Unnamed: 0,Student ID,student_name,gender,grade,school_name,reading_score,math_score,School ID,type,size,budget
0,0,Paul Bradley,M,9th,Huang High School,66,79,0,District,2917,1910635
1,1,Victor Smith,M,12th,Huang High School,94,61,0,District,2917,1910635
2,2,Kevin Rodriguez,M,12th,Huang High School,90,60,0,District,2917,1910635
3,3,Dr. Richard Scott,M,12th,Huang High School,67,58,0,District,2917,1910635
4,4,Bonnie Ray,F,9th,Huang High School,97,84,0,District,2917,1910635


## District Summary

* Calculate the total number of schools

* Calculate the total number of students

* Calculate the total budget

* Calculate the average math score 

* Calculate the average reading score

* Calculate the overall passing rate (overall average score), i.e. (avg. math score + avg. reading score)/2

* Calculate the percentage of students with a passing math score (70 or greater)

* Calculate the percentage of students with a passing reading score (70 or greater)

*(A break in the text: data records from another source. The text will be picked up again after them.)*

(* Let $G$ be a group with generating set $S$ not containing the identity. Then every color-permuting automorphism of the Cayley color digraph of $G$ with respect to $S$ is an isometry of $G$ with respect to the cardinal metric $d_C$.
   Context: The cardinal norm is $\|x\| = \min\{|A| : A\subseteq S,\ x\in\langle A\rangle\}$, where $\langle A\rangle$ is the subgroup generated by $A$, and $d_C(g,h)=\|g^{-1}h\|$. The Cayley color digraph has vertex set $G$ and, for each $x\in G$ and $c\in S$, an arc $(x,xc)$ of color $c$. A color-permuting automorphism is a digraph automorphism $\alpha$ (bijection of $G$ with $(x,y)$ an arc iff $(\alpha(x),\alpha(y))$ is an arc) for which there is a permutation $\sigma$ of $S$ such that, for all $x,y\in G$, $(x,y)$ has color $c$ iff $(\alpha(x),\alpha(y))$ has color $\sigma(c)$. *)

theory Defs
  imports "HOL-Algebra.Algebra"
begin

text \<open>Cardinal norm: least cardinality of a subset A of S with x in the subgroup
generated by A (such A may be taken finite, since every element of a generated
subgroup lies in the subgroup generated by finitely many generators).\<close>
definition cardinal_norm :: "('a, 'b) monoid_scheme \<Rightarrow> 'a set \<Rightarrow> 'a \<Rightarrow> nat" where
  "cardinal_norm G S x = (LEAST n. \<exists>A. A \<subseteq> S \<and> finite A \<and> card A = n \<and> x \<in> generate G A)"

definition cardinal_dist :: "('a, 'b) monoid_scheme \<Rightarrow> 'a set \<Rightarrow> 'a \<Rightarrow> 'a \<Rightarrow> nat" where
  "cardinal_dist G S g h = cardinal_norm G S (inv\<^bsub>G\<^esub> g \<otimes>\<^bsub>G\<^esub> h)"

definition cayley_has_color :: "('a, 'b) monoid_scheme \<Rightarrow> 'a set \<Rightarrow> 'a \<Rightarrow> 'a \<Rightarrow> 'a \<Rightarrow> bool" where
  "cayley_has_color G S x y c \<longleftrightarrow> x \<in> carrier G \<and> c \<in> S \<and> y = x \<otimes>\<^bsub>G\<^esub> c"

definition cayley_arc :: "('a, 'b) monoid_scheme \<Rightarrow> 'a set \<Rightarrow> 'a \<Rightarrow> 'a \<Rightarrow> bool" where
  "cayley_arc G S x y \<longleftrightarrow> (\<exists>c\<in>S. cayley_has_color G S x y c)"

definition color_permuting_aut :: "('a, 'b) monoid_scheme \<Rightarrow> 'a set \<Rightarrow> ('a \<Rightarrow> 'a) \<Rightarrow> bool" where
  "color_permuting_aut G S \<alpha> \<longleftrightarrow>
     bij_betw \<alpha> (carrier G) (carrier G) \<and>
     (\<forall>x\<in>carrier G. \<forall>y\<in>carrier G. cayley_arc G S x y \<longleftrightarrow> cayley_arc G S (\<alpha> x) (\<alpha> y)) \<and>
     (\<exists>\<sigma>. bij_betw \<sigma> S S \<and>
        (\<forall>x\<in>carrier G. \<forall>y\<in>carrier G. \<forall>c\<in>S.
           cayley_has_color G S x y c \<longleftrightarrow> cayley_has_color G S (\<alpha> x) (\<alpha> y) (\<sigma> c)))"

end

theory Submission
  imports Defs
begin

text \<open>A color-permuting automorphism \<alpha> with color permutation \<sigma> satisfies
\<alpha>(x c) = \<alpha>(x) \<sigma>(c). Following a word in the generators A along \<alpha> shows that
\<alpha>(g)\<inverse> \<alpha>(g x) lies in the subgroup generated by \<sigma>(A) whenever x lies in the
one generated by A; since |\<sigma>(A)| \<le> |A|, \<alpha> does not increase the cardinal
metric. The inverse of \<alpha> is again color-permuting, with color permutation \<sigma>\<inverse>,
which gives the reverse inequality.\<close>

lemma cardinal_norm_le:
  assumes "A \<subseteq> S" and "finite A" and "x \<in> generate G A"
  shows "cardinal_norm G S x \<le> card A"
  unfolding cardinal_norm_def by (rule Least_le) (use assms in blast)

context group
begin

lemma generate_finite_subset:
  assumes "x \<in> generate G S"
  shows "\<exists>A\<subseteq>S. finite A \<and> x \<in> generate G A"
  using assms
proof (induction rule: generate.induct)
  case one
  show ?case by (blast intro: generate.one)
next
  case (incl c)
  then show ?case by (intro exI[of _ "{c}"]) (auto intro: generate.incl)
next
  case (inv c)
  then show ?case by (intro exI[of _ "{c}"]) (auto intro: generate.inv)
next
  case (eng x1 x2)
  then obtain A1 A2 where "A1 \<subseteq> S" "finite A1" "x1 \<in> generate G A1"
    and "A2 \<subseteq> S" "finite A2" "x2 \<in> generate G A2" by blast
  moreover have "generate G A1 \<subseteq> generate G (A1 \<union> A2)" "generate G A2 \<subseteq> generate G (A1 \<union> A2)"
    by (simp_all add: mono_generate)
  ultimately show ?case by (intro exI[of _ "A1 \<union> A2"]) (auto intro: generate.eng)
qed

lemma cardinal_norm_obtain:
  assumes "x \<in> generate G S"
  obtains A where "A \<subseteq> S" and "finite A" and "card A = cardinal_norm G S x"
    and "x \<in> generate G A"
proof -
  have "\<exists>n A. A \<subseteq> S \<and> finite A \<and> card A = n \<and> x \<in> generate G A"
    using generate_finite_subset[OF assms] by blast
  from LeastI_ex[OF this] obtain A where "A \<subseteq> S" "finite A"
    "card A = cardinal_norm G S x" "x \<in> generate G A"
    unfolding cardinal_norm_def by blast
  then show thesis by (rule that)
qed

end

definition cayley_color_hom ::
    "('a, 'b) monoid_scheme \<Rightarrow> 'a set \<Rightarrow> ('a \<Rightarrow> 'a) \<Rightarrow> ('a \<Rightarrow> 'a) \<Rightarrow> bool" where
  "cayley_color_hom G S \<beta> \<tau> \<longleftrightarrow>
     \<beta> \<in> carrier G \<rightarrow> carrier G \<and> \<tau> \<in> S \<rightarrow> S \<and>
     (\<forall>x\<in>carrier G. \<forall>c\<in>S. \<beta> (x \<otimes>\<^bsub>G\<^esub> c) = \<beta> x \<otimes>\<^bsub>G\<^esub> \<tau> c)"

context group
begin


lemma color_permuting_aut_imp_cayley_color_hom:
  assumes "color_permuting_aut G S \<alpha>" and "S \<subseteq> carrier G"
  obtains \<sigma> where "bij_betw \<sigma> S S" and "cayley_color_hom G S \<alpha> \<sigma>"
proof -
  from assms(1) obtain \<sigma> where
    \<alpha>: "bij_betw \<alpha> (carrier G) (carrier G)" and \<sigma>: "bij_betw \<sigma> S S" and
    color: "\<forall>x\<in>carrier G. \<forall>y\<in>carrier G. \<forall>c\<in>S.
      cayley_has_color G S x y c \<longleftrightarrow> cayley_has_color G S (\<alpha> x) (\<alpha> y) (\<sigma> c)"
    unfolding color_permuting_aut_def by blast
  have "\<alpha> (x \<otimes> c) = \<alpha> x \<otimes> \<sigma> c" if "x \<in> carrier G" "c \<in> S" for x c
  proof -
    have "cayley_has_color G S x (x \<otimes> c) c"
      using that unfolding cayley_has_color_def by simp
    then have "cayley_has_color G S (\<alpha> x) (\<alpha> (x \<otimes> c)) (\<sigma> c)"
      using color that assms(2) by blast
    then show ?thesis
      unfolding cayley_has_color_def by simp
  qed
  with \<alpha> \<sigma> have "cayley_color_hom G S \<alpha> \<sigma>"
    unfolding cayley_color_hom_def by (auto dest: bij_betwE)
  with \<sigma> show thesis by (rule that)
qed

lemma cayley_color_hom_inv_into:
  assumes "cayley_color_hom G S \<beta> \<tau>" and "S \<subseteq> carrier G"
    and \<beta>: "bij_betw \<beta> (carrier G) (carrier G)" and \<tau>: "bij_betw \<tau> S S"
  shows "cayley_color_hom G S (inv_into (carrier G) \<beta>) (inv_into S \<tau>)"
proof -
  let ?\<beta>' = "inv_into (carrier G) \<beta>" and ?\<tau>' = "inv_into S \<tau>"
  have \<beta>': "?\<beta>' \<in> carrier G \<rightarrow> carrier G" and \<tau>': "?\<tau>' \<in> S \<rightarrow> S"
    using bij_betw_inv_into[OF \<beta>] bij_betw_inv_into[OF \<tau>] by (auto dest: bij_betwE)
  have "?\<beta>' (y \<otimes> c) = ?\<beta>' y \<otimes> ?\<tau>' c" if y: "y \<in> carrier G" and c: "c \<in> S" for y c
  proof -
    have "\<beta> (?\<beta>' y \<otimes> ?\<tau>' c) = \<beta> (?\<beta>' y) \<otimes> \<tau> (?\<tau>' c)"
      using assms(1) \<beta>' \<tau>' y c unfolding cayley_color_hom_def by blast
    also have "\<dots> = y \<otimes> c"
      using \<beta> \<tau> y c by (simp add: bij_betw_inv_into_right)
    finally have "?\<beta>' (y \<otimes> c) = ?\<beta>' (\<beta> (?\<beta>' y \<otimes> ?\<tau>' c))" by simp
    also have "\<dots> = ?\<beta>' y \<otimes> ?\<tau>' c"
      using \<beta> \<beta>' \<tau>' y c assms(2) by (auto intro!: bij_betw_inv_into_left)
    finally show ?thesis .
  qed
  with \<beta>' \<tau>' show ?thesis
    unfolding cayley_color_hom_def by blast
qed

lemma cayley_color_hom_generate:
  assumes hom: "cayley_color_hom G S \<beta> \<tau>" and S: "S \<subseteq> carrier G" and A: "A \<subseteq> S"
    and x: "x \<in> generate G A" and g: "g \<in> carrier G"
  shows "\<exists>y\<in>generate G (\<tau> ` A). \<beta> (g \<otimes> x) = \<beta> g \<otimes> y"
  using x g
proof (induction x arbitrary: g rule: generate.induct)
  case one
  have "\<beta> g \<in> carrier G" using hom one unfolding cayley_color_hom_def by blast
  then have "\<beta> (g \<otimes> \<one>) = \<beta> g \<otimes> \<one>" using one by simp
  then show ?case by (blast intro: generate.one)
next
  case (incl c)
  then have "\<beta> (g \<otimes> c) = \<beta> g \<otimes> \<tau> c"
    using hom A unfolding cayley_color_hom_def by blast
  moreover have "\<tau> c \<in> generate G (\<tau> ` A)"
    using incl by (auto intro: generate.incl)
  ultimately show ?case by blast
next
  case (inv c)
  have c: "c \<in> carrier G" "c \<in> S" using inv A S by auto
  have \<tau>c: "\<tau> c \<in> carrier G" using hom c S unfolding cayley_color_hom_def by blast
  have g': "g \<otimes> inv c \<in> carrier G" and \<beta>g': "\<beta> (g \<otimes> inv c) \<in> carrier G"
    using hom c inv.prems unfolding cayley_color_hom_def by auto
  have "\<beta> g = \<beta> ((g \<otimes> inv c) \<otimes> c)"
    using c inv.prems by (simp add: m_assoc)
  also have "\<dots> = \<beta> (g \<otimes> inv c) \<otimes> \<tau> c"
    using hom g' c unfolding cayley_color_hom_def by blast
  finally have "\<beta> (g \<otimes> inv c) = \<beta> g \<otimes> inv (\<tau> c)"
    using \<beta>g' \<tau>c by (simp add: m_assoc)
  moreover have "inv (\<tau> c) \<in> generate G (\<tau> ` A)"
    using inv.hyps by (auto intro: generate.inv)
  ultimately show ?case by blast
next
  case (eng x1 x2)
  have x1: "x1 \<in> carrier G" using eng.hyps(1) A S generate_incl by blast
  obtain y1 where y1: "y1 \<in> generate G (\<tau> ` A)" "\<beta> (g \<otimes> x1) = \<beta> g \<otimes> y1"
    using eng.IH(1) eng.prems by blast
  obtain y2 where y2: "y2 \<in> generate G (\<tau> ` A)" "\<beta> ((g \<otimes> x1) \<otimes> x2) = \<beta> (g \<otimes> x1) \<otimes> y2"
    using eng.IH(2) eng.prems x1 by blast
  have \<tau>A: "\<tau> ` A \<subseteq> carrier G" using hom A S unfolding cayley_color_hom_def by blast
  have "x2 \<in> carrier G" "y1 \<in> carrier G" "y2 \<in> carrier G"
    using eng.hyps(2) y1(1) y2(1) A S \<tau>A generate_incl by blast+
  moreover have "\<beta> g \<in> carrier G" using hom eng.prems unfolding cayley_color_hom_def by blast
  ultimately have "\<beta> (g \<otimes> (x1 \<otimes> x2)) = \<beta> g \<otimes> (y1 \<otimes> y2)"
    using y1(2) y2(2) eng.prems x1 by (simp add: m_assoc)
  with y1(1) y2(1) show ?case by (auto intro: generate.eng)
qed

lemma cardinal_dist_cayley_color_hom_le:
  assumes hom: "cayley_color_hom G S \<beta> \<tau>" and S: "S \<subseteq> carrier G"
    and gen: "generate G S = carrier G" and g: "g \<in> carrier G" and h: "h \<in> carrier G"
  shows "cardinal_dist G S (\<beta> g) (\<beta> h) \<le> cardinal_dist G S g h"
proof -
  obtain A where A: "A \<subseteq> S" "finite A" "card A = cardinal_dist G S g h"
    and x: "inv g \<otimes> h \<in> generate G A"
    using cardinal_norm_obtain[of "inv g \<otimes> h" S] g h gen
    unfolding cardinal_dist_def by auto
  obtain y where y: "y \<in> generate G (\<tau> ` A)" and "\<beta> (g \<otimes> (inv g \<otimes> h)) = \<beta> g \<otimes> y"
    using cayley_color_hom_generate[OF hom S A(1) x g] by blast
  moreover have "g \<otimes> (inv g \<otimes> h) = h" and "\<beta> g \<in> carrier G"
    using g h hom unfolding cayley_color_hom_def by (auto simp: m_assoc[symmetric])
  moreover have "y \<in> carrier G"
    using y A S hom generate_incl[of "\<tau> ` A"] unfolding cayley_color_hom_def by blast
  ultimately have "inv (\<beta> g) \<otimes> \<beta> h = y" by (simp add: m_assoc[symmetric])
  moreover have "\<tau> ` A \<subseteq> S" using hom A(1) unfolding cayley_color_hom_def by blast
  ultimately have "cardinal_dist G S (\<beta> g) (\<beta> h) \<le> card (\<tau> ` A)"
    unfolding cardinal_dist_def using y A(2) by (simp add: cardinal_norm_le)
  also have "\<dots> \<le> card A" by (rule card_image_le[OF A(2)])
  finally show ?thesis using A(3) by simp
qed

end

theorem mainTheorem11:
  fixes G (structure) and S :: "'a set" and \<alpha> :: "'a \<Rightarrow> 'a"
  assumes "group G"
    and "S \<subseteq> carrier G"
    and "generate G S = carrier G"
    and "\<one>\<^bsub>G\<^esub> \<notin> S"
    and "color_permuting_aut G S \<alpha>"
  shows "\<forall>g\<in>carrier G. \<forall>h\<in>carrier G.
           cardinal_dist G S (\<alpha> g) (\<alpha> h) = cardinal_dist G S g h"
proof -
  interpret group G by fact
  obtain \<sigma> where \<sigma>: "bij_betw \<sigma> S S" and hom: "cayley_color_hom G S \<alpha> \<sigma>"
    using color_permuting_aut_imp_cayley_color_hom[OF assms(5,2)] .
  have \<alpha>: "bij_betw \<alpha> (carrier G) (carrier G)"
    using assms(5) unfolding color_permuting_aut_def by blast
  have hom_inv: "cayley_color_hom G S (inv_into (carrier G) \<alpha>) (inv_into S \<sigma>)"
    using cayley_color_hom_inv_into[OF hom assms(2) \<alpha> \<sigma>] .
  show ?thesis
  proof (intro ballI antisym)
    fix g h assume g: "g \<in> carrier G" and h: "h \<in> carrier G"
    show "cardinal_dist G S (\<alpha> g) (\<alpha> h) \<le> cardinal_dist G S g h"
      using cardinal_dist_cayley_color_hom_le[OF hom assms(2,3) g h] .
    have "\<alpha> g \<in> carrier G" and "\<alpha> h \<in> carrier G"
      using \<alpha> g h by (auto dest: bij_betwE)
    from cardinal_dist_cayley_color_hom_le[OF hom_inv assms(2,3) this]
    show "cardinal_dist G S g h \<le> cardinal_dist G S (\<alpha> g) (\<alpha> h)"
      using \<alpha> g h by (simp add: bij_betw_inv_into_left)
  qed
qed

end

* Create a dataframe to hold the above results

* Optional: give the displayed data cleaner formatting

In [2]:
#----------------------------------------------------------------------------------------------------
# Note:  It is actually easier to determine many of these values based on the source tables of
# school_data & student_data... but I decided to walk the path of most resistance and work with the
# complete table created above
#----------------------------------------------------------------------------------------------------

# Calculate the total number of schools
numSchools = len(school_data_complete["school_name"].unique())

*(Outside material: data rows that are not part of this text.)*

(* Let $\Sigma,\hat{\Sigma} \in \mathbb{R}^{p \times p}$ be symmetric, with eigenvalues $\lambda_1 \geq \ldots \geq \lambda_p$ and $\hat{\lambda}_1 \geq \ldots \geq \hat{\lambda}_p$ respectively (listed with multiplicity). Fix $1 \leq r \leq s \leq p$ and assume that $\min(\lambda_{r-1} - \lambda_r,\lambda_s - \lambda_{s+1}) > 0$, where $\lambda_0 := \infty$ and $\lambda_{p+1} := -\infty$. Let $d := s - r + 1$, and let $V = (v_r,v_{r+1},\ldots,v_s) \in \mathbb{R}^{p \times d}$ and $\hat{V} = (\hat{v}_r,\hat{v}_{r+1},\ldots,\hat{v}_s) \in \mathbb{R}^{p \times d}$ have orthonormal columns satisfying $\Sigma v_j = \lambda_j v_j$ and $\hat{\Sigma}\hat{v}_j = \hat{\lambda}_j \hat{v}_j$ for $j= r,r+1,\ldots,s$. Then \[ \|\sin \Theta(\hat{V},V)\|_{\mathrm{F}} \leq \frac{2\min(d^{1/2}\|\hat{\Sigma} - \Sigma\|_{\mathrm{op}},\|\hat{\Sigma} - \Sigma\|_\mathrm{F})}{\min(\lambda_{r-1} - \lambda_r,\lambda_s - \lambda_{s+1})}. \] Moreover, there exists an orthogonal matrix $\hat{O} \in \mathbb{R}^{d \times d}$ such that \[ \|\hat{V}\hat{O} - V\|_{\mathrm{F}} \leq \frac{2^{3/2}\min(d^{1/2}\|\hat{\Sigma} - \Sigma\|_{\mathrm{op}},\|\hat{\Sigma} - \Sigma\|_\mathrm{F})}{\min(\lambda_{r-1} - \lambda_r,\lambda_s - \lambda_{s+1})}. \]
   Context: $\|\cdot\|_{\mathrm{F}}$ denotes the Frobenius norm and $\|\cdot\|_{\mathrm{op}}$ the operator (spectral) norm. For $V,\hat{V} \in \mathbb{R}^{p \times d}$ with orthonormal columns, let $\sigma_1 \geq \ldots \geq \sigma_d$ be the singular values of $\hat{V}^T V$; the principal angles between the column spaces are $\theta_j = \cos^{-1}\sigma_j$, $\Theta(\hat{V},V)$ is the $d \times d$ diagonal matrix with diagonal entries $\theta_1,\ldots,\theta_d$, and $\sin\Theta(\hat{V},V)$ is defined entrywise (so $\|\sin\Theta(\hat{V},V)\|_{\mathrm{F}}^2 = d - \|\hat{V}^TV\|_{\mathrm{F}}^2$). *)

theory Defs
  imports "Jordan_Normal_Form.Char_Poly" "HOL-Library.Extended_Real"
begin

definition vnorm :: "real vec \<Rightarrow> real" where
  "vnorm x = sqrt (x \<bullet> x)"

definition fro_norm :: "real mat \<Rightarrow> real" where
  "fro_norm A = sqrt (\<Sum>i<dim_row A. \<Sum>j<dim_col A. (A $$ (i,j))\<^sup>2)"

definition op_norm :: "real mat \<Rightarrow> real" where
  "op_norm A = Sup {vnorm (A *\<^sub>v x) | x. x \<in> carrier_vec (dim_col A) \<and> vnorm x = 1}"

definition orthonormal_cols :: "real mat \<Rightarrow> bool" where
  "orthonormal_cols V \<longleftrightarrow> transpose_mat V * V = 1\<^sub>m (dim_col V)"

definition singular_values :: "real mat \<Rightarrow> nat \<Rightarrow> real" where
  "singular_values M = (SOME \<sigma>.
     (\<forall>i j. i \<le> j \<longrightarrow> j < dim_col M \<longrightarrow> \<sigma> j \<le> \<sigma> i) \<and>
     (\<forall>i < dim_col M. 0 \<le> \<sigma> i) \<and>
     char_poly (transpose_mat M * M) = (\<Prod>i<dim_col M. [:- ((\<sigma> i)\<^sup>2), 1:]))"

definition sin_theta :: "real mat \<Rightarrow> real mat \<Rightarrow> real mat" where
  "sin_theta Vh V = (let M = transpose_mat Vh * V; \<sigma> = singular_values M in
      mat (dim_col M) (dim_col M) (\<lambda>(i,j). if i = j then sin (arccos (\<sigma> i)) else 0))"

definition eigengap :: "(nat \<Rightarrow> real) \<Rightarrow> nat \<Rightarrow> nat \<Rightarrow> nat \<Rightarrow> ereal" where
  "eigengap lam p r s =
     min (if r = 1 then \<infinity> else ereal (lam (r - 1) - lam r))
         (if s = p then \<infinity> else ereal (lam s - lam (s + 1)))"

end

theory Submission
  imports Defs
begin

(* Let E = Sigmah - Sigma,
   let u_1 .. u_p be an orthonormal eigenbasis of Sigma ordered like lam, and call the indices
   outside {r..s} outer.  Parseval in the basis {columns of V} + {outer u_k} shows that
   ||sin Theta||_F^2 = d - ||Vh^T V||_F^2 equals the outer mass S = sum_j sum_{k outer} (u_k . vh_j)^2.
   The outer coefficients of (Sigma - lam_j) vh_j = (lamh_j - lam_j) vh_j - E vh_j are
   (lam_k - lam_j) (u_k . vh_j) with |lam_k - lam_j| >= g, so by Bessel's inequality
   g^2 S <= 2 sum_j ||E vh_j||^2 + 2 sum_j (lamh_j - lam_j)^2 <= 4 min (d ||E||_op^2, ||E||_F^2),
   using the operator norm and Bessel for the first sum, Weyl and Hoffman-Wielandt for the second.
   For the rotation, the orthogonal polar factor O of Vh^T V has <O, Vh^T V> >= ||Vh^T V||_F^2
   (its singular values lie in [0,1]), so ||Vh O - V||_F^2 = 2d - 2 <O, Vh^T V> <= 2 S. *)

definition orthonormal_family :: "nat \<Rightarrow> nat set \<Rightarrow> (nat \<Rightarrow> real vec) \<Rightarrow> bool" where
  "orthonormal_family n J u \<longleftrightarrow> (\<forall>i\<in>J. u i \<in> carrier_vec n) \<and>
     (\<forall>i\<in>J. \<forall>k\<in>J. u i \<bullet> u k = (if i = k then 1 else 0))"

lemma orthonormal_familyD:
  "orthonormal_family n J u \<Longrightarrow> i \<in> J \<Longrightarrow> u i \<in> carrier_vec n"
  "orthonormal_family n J u \<Longrightarrow> i \<in> J \<Longrightarrow> k \<in> J \<Longrightarrow> u i \<bullet> u k = (if i = k then 1 else 0)"
  unfolding orthonormal_family_def by auto

lemma dot_self_nonneg: "(x::real vec) \<bullet> x \<ge> 0"
  unfolding scalar_prod_def by (auto intro: sum_nonneg)

lemma dot_self_pos: "(x::real vec) \<in> carrier_vec n \<Longrightarrow> x \<noteq> 0\<^sub>v n \<Longrightarrow> x \<bullet> x > 0"
  using conjugate_square_greater_0_vec[of x n] by simp

lemma dot_as_sum: "y \<in> carrier_vec n \<Longrightarrow> x \<bullet> y = (\<Sum>i<n. x $ i * y $ i)"
  unfolding scalar_prod_def by (auto simp: atLeast0LessThan)

lemma dot_self_as_sum: "(x::real vec) \<in> carrier_vec n \<Longrightarrow> x \<bullet> x = (\<Sum>i<n. (x $ i)\<^sup>2)"
  by (simp add: dot_as_sum power2_eq_square)

lemma normalize_unit:
  assumes "(x::real vec) \<in> carrier_vec n" "x \<noteq> 0\<^sub>v n"
  shows "((1 / sqrt (x \<bullet> x)) \<cdot>\<^sub>v x) \<bullet> ((1 / sqrt (x \<bullet> x)) \<cdot>\<^sub>v x) = 1"
proof -
  have pos: "x \<bullet> x > 0" using dot_self_pos[OF assms] .
  have "((1 / sqrt (x \<bullet> x)) \<cdot>\<^sub>v x) \<bullet> ((1 / sqrt (x \<bullet> x)) \<cdot>\<^sub>v x)
      = (1 / sqrt (x \<bullet> x)) * ((1 / sqrt (x \<bullet> x)) * (x \<bullet> x))"
    using assms by simp
  also have "\<dots> = 1" using pos by (simp add: field_simps)
  finally show ?thesis .
qed

text \<open>Fewer than \<open>n\<close> vectors in \<open>\<real>\<^sup>n\<close> have a common nonzero orthogonal vector: the square
  matrix having them as rows (padded by a zero row) is singular.\<close>
lemma nonzero_orthogonal_vector_exists:
  assumes fin: "finite F" and F: "F \<subseteq> carrier_vec n" and card: "card F < n"
  shows "\<exists>x\<in>carrier_vec n. x \<noteq> 0\<^sub>v n \<and> (\<forall>v\<in>F. v \<bullet> x = (0::real))"
proof -
  obtain vs where vs: "set vs = F" "distinct vs" using finite_distinct_list[OF fin] by blast
  have len: "length vs < n" using vs card distinct_card by fastforce
  define c where "c = (\<lambda>i. if i < length vs then vs ! i else 0\<^sub>v n)"
  have c: "c \<in> {0..<n} \<rightarrow> carrier_vec n" using vs F unfolding c_def by (auto, metis nth_mem subsetD)
  define A :: "real mat" where "A = mat\<^sub>r n n (\<lambda>i. if i = n - 1 then 0\<^sub>v n else c i)"
  have A: "A \<in> carrier_mat n n" unfolding A_def by auto
  have "det A = 0" unfolding A_def by (rule det_row_0[OF _ c], insert len, auto)
  then obtain x where x: "x \<in> carrier_vec n" "x \<noteq> 0\<^sub>v n" "A *\<^sub>v x = 0\<^sub>v n"
    using det_0_iff_vec_prod_zero[OF A] by blast
  have "v \<bullet> x = 0" if "v \<in> F" for v
  proof -
    obtain i where i: "i < length vs" "v = vs ! i" using vs \<open>v \<in> F\<close> by (metis in_set_conv_nth)
    have "(A *\<^sub>v x) $ i = row A i \<bullet> x" using i len A by auto
    also have "row A i = vs ! i" using i len vs F unfolding A_def c_def
      by (subst row_mat_of_row_fun, auto, metis nth_mem subsetD carrier_vecD)
    finally show "v \<bullet> x = 0" using x(3) i len by auto
  qed
  thus ?thesis using x by blast
qed

lemma unit_orthogonal_vector_exists:
  assumes fin: "finite F" and F: "F \<subseteq> carrier_vec n" and card: "card F < n"
  shows "\<exists>x\<in>carrier_vec n. x \<bullet> x = (1::real) \<and> (\<forall>v\<in>F. v \<bullet> x = 0)"
proof -
  obtain x where x: "x \<in> carrier_vec n" "x \<noteq> 0\<^sub>v n" "\<forall>v\<in>F. v \<bullet> x = 0"
    using nonzero_orthogonal_vector_exists[OF assms] by blast
  define y where "y = (1 / sqrt (x \<bullet> x)) \<cdot>\<^sub>v x"
  have "y \<in> carrier_vec n" using x unfolding y_def by auto
  moreover have "y \<bullet> y = 1" unfolding y_def by (rule normalize_unit[OF x(1,2)])
  moreover have "\<forall>v\<in>F. v \<bullet> y = 0" using x F unfolding y_def
    by (auto simp: scalar_prod_smult_distrib[of _ n])
  ultimately show ?thesis by blast
qed

lemma orthonormal_family_insert:
  assumes u: "orthonormal_family n J u" and i0: "i0 \<notin> J"
    and x: "x \<in> carrier_vec n" "x \<bullet> x = 1" and orth: "\<And>i. i \<in> J \<Longrightarrow> u i \<bullet> x = 0"
  shows "orthonormal_family n (insert i0 J) (u(i0 := x))"
  unfolding orthonormal_family_def
proof (intro conjI ballI)
  fix i assume "i \<in> insert i0 J" then show "(u(i0 := x)) i \<in> carrier_vec n"
    using x orthonormal_familyD(1)[OF u] by auto
next
  fix i k assume ik: "i \<in> insert i0 J" "k \<in> insert i0 J"
  have xu: "x \<bullet> u i = 0" if "i \<in> J" for i
    using orth[OF that] comm_scalar_prod[of x n "u i"] x orthonormal_familyD(1)[OF u that] by auto
  show "(u(i0 := x)) i \<bullet> (u(i0 := x)) k = (if i = k then 1 else 0)"
    using ik i0 x(2) orth xu orthonormal_familyD(2)[OF u] by auto
qed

# Calculate the total number of students
numStudents = len(school_data_complete)

# Calculate the total budget
totalBudget = (school_data_complete["budget"].unique()).sum()
# Note that this assumes that all schools have different budgets, this wouldn't work if two of the schools have exactly
#     the same budget number.  I've tested unique() and gotten 15 different budgets for 15 different schools

# Calculate the average math score
aveMathScore = school_data_complete["math_score"].mean()

# Calculate the average read score
aveReadingScore = school_data_complete["reading_score"].mean()

# Calculate the overall passing rate (note passing rate is 70% or more)
# Note that I am now adding "overall_score" to the complete table for future use
school_data_complete["overall_score"] = (school_data_complete["math_score"] + school_data_complete["reading_score"]) / 2
pctPassOverall = len(school_data_complete[school_data_complete["overall_score"] >= 70]) / numStudents * 100
# I need to explain why I did it this way.  Statistically, adding the average math score with the average reading score
#     for the district isn't a strong indicator of anything.  As well, it doesn't really talk about "Passing" considering
#     the next values for % Passing Math & % Passing Reading applies a standard of 70 to pass.  Adding averages for the
#     overall district don't indicate how many students would have actually passed inidvidually.
#     So instead, I interpreted % Overall Passing Rate to be what percentage of students would have 70 or more
#     on the OVERALL score which is the average between the individual math and reading scores.

# Calculate the percentage of students with a passing math score (70 or greater)
pctPassMath = len(school_data_complete[school_data_complete["math_score"] >= 70]) / numStudents * 100

# Calculate the percentage of students with a passing reading score (70 or greater)
pctPassReading = len(school_data_complete[school_data_complete["reading_score"] >= 70]) / numStudents * 100

# Create a dataframe to hold the above results
dsummary_df = pd.DataFrame([{"Total Schools" : numSchools,
                             "Total Students" : numStudents,
                             "Total Budget" : totalBudget,
                             "Average Math Score" : aveMathScore,
                             "Average Reading Score" : aveReadingScore,
                             "% Passing Math" : pctPassMath,
                             "% Passing Reading" : pctPassReading,
                             "% Overall Passing Rate" : pctPassOverall
                             }])

# Optional: give displayed data cleaner formatting
dsummary_df["Total Schools"] = dsummary_df["Total Schools"].map('{:,}'.format)
dsummary_df["Total Students"] = dsummary_df["Total Students"].map('{:,}'.format)
dsummary_df["Total Budget"] = dsummary_df["Total Budget"].map('${:,.2f}'.format)
dsummary_df["Average Math Score"] = dsummary_df["Average Math Score"].map('{:,.1f}'.format)
dsummary_df["Average Reading Score"] = dsummary_df["Average Reading Score"].map('{:,.1f}'.format)
dsummary_df["% Passing Math"] = dsummary_df["% Passing Math"].map('{:,.1f}%'.format)
dsummary_df["% Passing Reading"] = dsummary_df["% Passing Reading"].map('{:,.1f}%'.format)
dsummary_df["% Overall Passing Rate"] = dsummary_df["% Overall Passing Rate"].map('{:,.1f}%'.format)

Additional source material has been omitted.